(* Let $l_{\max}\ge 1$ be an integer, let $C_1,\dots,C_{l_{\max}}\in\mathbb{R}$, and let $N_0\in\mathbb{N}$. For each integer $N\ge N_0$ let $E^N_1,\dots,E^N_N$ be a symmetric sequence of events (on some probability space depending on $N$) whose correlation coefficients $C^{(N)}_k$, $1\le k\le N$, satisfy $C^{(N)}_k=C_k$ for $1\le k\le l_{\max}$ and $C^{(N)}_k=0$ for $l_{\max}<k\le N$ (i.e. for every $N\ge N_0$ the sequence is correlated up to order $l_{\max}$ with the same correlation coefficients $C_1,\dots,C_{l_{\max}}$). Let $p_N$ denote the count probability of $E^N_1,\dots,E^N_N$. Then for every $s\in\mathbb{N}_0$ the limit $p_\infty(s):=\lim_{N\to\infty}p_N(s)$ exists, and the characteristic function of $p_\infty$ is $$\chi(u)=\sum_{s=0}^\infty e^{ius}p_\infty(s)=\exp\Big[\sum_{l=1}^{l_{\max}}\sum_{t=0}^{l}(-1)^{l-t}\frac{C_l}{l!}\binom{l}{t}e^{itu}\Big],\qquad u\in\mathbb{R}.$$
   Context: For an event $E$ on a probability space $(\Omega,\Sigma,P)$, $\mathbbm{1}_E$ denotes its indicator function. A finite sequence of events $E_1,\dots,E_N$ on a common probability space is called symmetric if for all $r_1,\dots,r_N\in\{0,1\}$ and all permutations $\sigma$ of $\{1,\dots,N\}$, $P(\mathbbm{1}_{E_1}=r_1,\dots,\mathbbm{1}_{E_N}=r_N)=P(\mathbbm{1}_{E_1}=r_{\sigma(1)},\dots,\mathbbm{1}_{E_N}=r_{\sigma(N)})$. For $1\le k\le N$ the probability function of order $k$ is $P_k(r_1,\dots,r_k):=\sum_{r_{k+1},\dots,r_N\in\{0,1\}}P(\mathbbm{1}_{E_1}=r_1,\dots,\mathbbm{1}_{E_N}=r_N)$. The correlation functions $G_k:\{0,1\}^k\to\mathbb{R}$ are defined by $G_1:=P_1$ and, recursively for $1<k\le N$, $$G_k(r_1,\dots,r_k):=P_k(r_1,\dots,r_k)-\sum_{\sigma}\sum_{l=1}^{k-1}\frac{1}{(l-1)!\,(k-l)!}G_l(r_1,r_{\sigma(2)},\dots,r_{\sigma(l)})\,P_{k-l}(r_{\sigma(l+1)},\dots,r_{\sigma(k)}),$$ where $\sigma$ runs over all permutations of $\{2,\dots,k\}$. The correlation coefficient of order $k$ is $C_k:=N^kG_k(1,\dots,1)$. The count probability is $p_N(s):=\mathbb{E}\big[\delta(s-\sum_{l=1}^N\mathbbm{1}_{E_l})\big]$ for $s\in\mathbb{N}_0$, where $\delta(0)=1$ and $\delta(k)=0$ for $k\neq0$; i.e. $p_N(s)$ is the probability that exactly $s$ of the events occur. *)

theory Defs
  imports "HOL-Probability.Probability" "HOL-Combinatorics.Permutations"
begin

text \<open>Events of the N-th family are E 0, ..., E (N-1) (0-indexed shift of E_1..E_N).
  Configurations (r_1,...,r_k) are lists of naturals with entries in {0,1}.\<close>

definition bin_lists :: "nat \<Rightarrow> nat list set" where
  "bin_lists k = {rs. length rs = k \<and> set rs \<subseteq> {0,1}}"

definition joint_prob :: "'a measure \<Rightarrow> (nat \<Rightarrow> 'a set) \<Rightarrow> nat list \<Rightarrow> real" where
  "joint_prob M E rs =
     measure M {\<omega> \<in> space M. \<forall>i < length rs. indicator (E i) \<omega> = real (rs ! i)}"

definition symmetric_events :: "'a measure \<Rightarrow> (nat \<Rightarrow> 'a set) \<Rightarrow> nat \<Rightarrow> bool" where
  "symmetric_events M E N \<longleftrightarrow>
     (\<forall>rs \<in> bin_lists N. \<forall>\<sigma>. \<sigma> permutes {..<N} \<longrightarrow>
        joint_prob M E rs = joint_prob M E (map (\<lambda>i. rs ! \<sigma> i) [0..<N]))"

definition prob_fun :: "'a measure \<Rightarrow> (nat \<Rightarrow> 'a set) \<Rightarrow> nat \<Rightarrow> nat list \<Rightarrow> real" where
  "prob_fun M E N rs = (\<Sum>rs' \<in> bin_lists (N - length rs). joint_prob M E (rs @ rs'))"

#####

Go through the data and copy every line that includes "length".

  "bin_lists k = {rs. length rs = k \<and> set rs \<subseteq> {0,1}}"
     measure M {\<omega> \<in> space M. \<forall>i < length rs. indicator (E i) \<omega> = real (rs ! i)}"
  "prob_fun M E N rs = (\<Sum>rs' \<in> bin_lists (N - length rs). joint_prob M E (rs @ rs'))"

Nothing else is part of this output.